**ASSIGNMENT**
What number of lines in the entries below include the string "have"? Respond with that number alone.

# # # # # # #

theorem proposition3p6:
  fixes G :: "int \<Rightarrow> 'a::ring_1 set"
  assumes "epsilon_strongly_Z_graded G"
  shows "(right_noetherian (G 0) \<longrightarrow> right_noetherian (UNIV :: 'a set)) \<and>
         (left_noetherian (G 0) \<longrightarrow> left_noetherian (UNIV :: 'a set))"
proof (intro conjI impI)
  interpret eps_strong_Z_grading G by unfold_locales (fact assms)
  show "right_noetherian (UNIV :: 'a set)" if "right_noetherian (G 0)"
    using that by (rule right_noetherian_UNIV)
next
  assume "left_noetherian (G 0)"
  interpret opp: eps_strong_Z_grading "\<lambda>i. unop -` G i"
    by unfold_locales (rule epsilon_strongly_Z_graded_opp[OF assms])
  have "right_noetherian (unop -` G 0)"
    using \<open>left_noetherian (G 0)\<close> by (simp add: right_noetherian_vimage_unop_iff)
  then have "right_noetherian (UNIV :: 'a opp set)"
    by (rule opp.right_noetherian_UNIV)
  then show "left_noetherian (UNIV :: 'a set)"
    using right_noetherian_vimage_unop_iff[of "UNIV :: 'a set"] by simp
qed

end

# # # # # # #

**RESULT OF THE EXERCISE**
2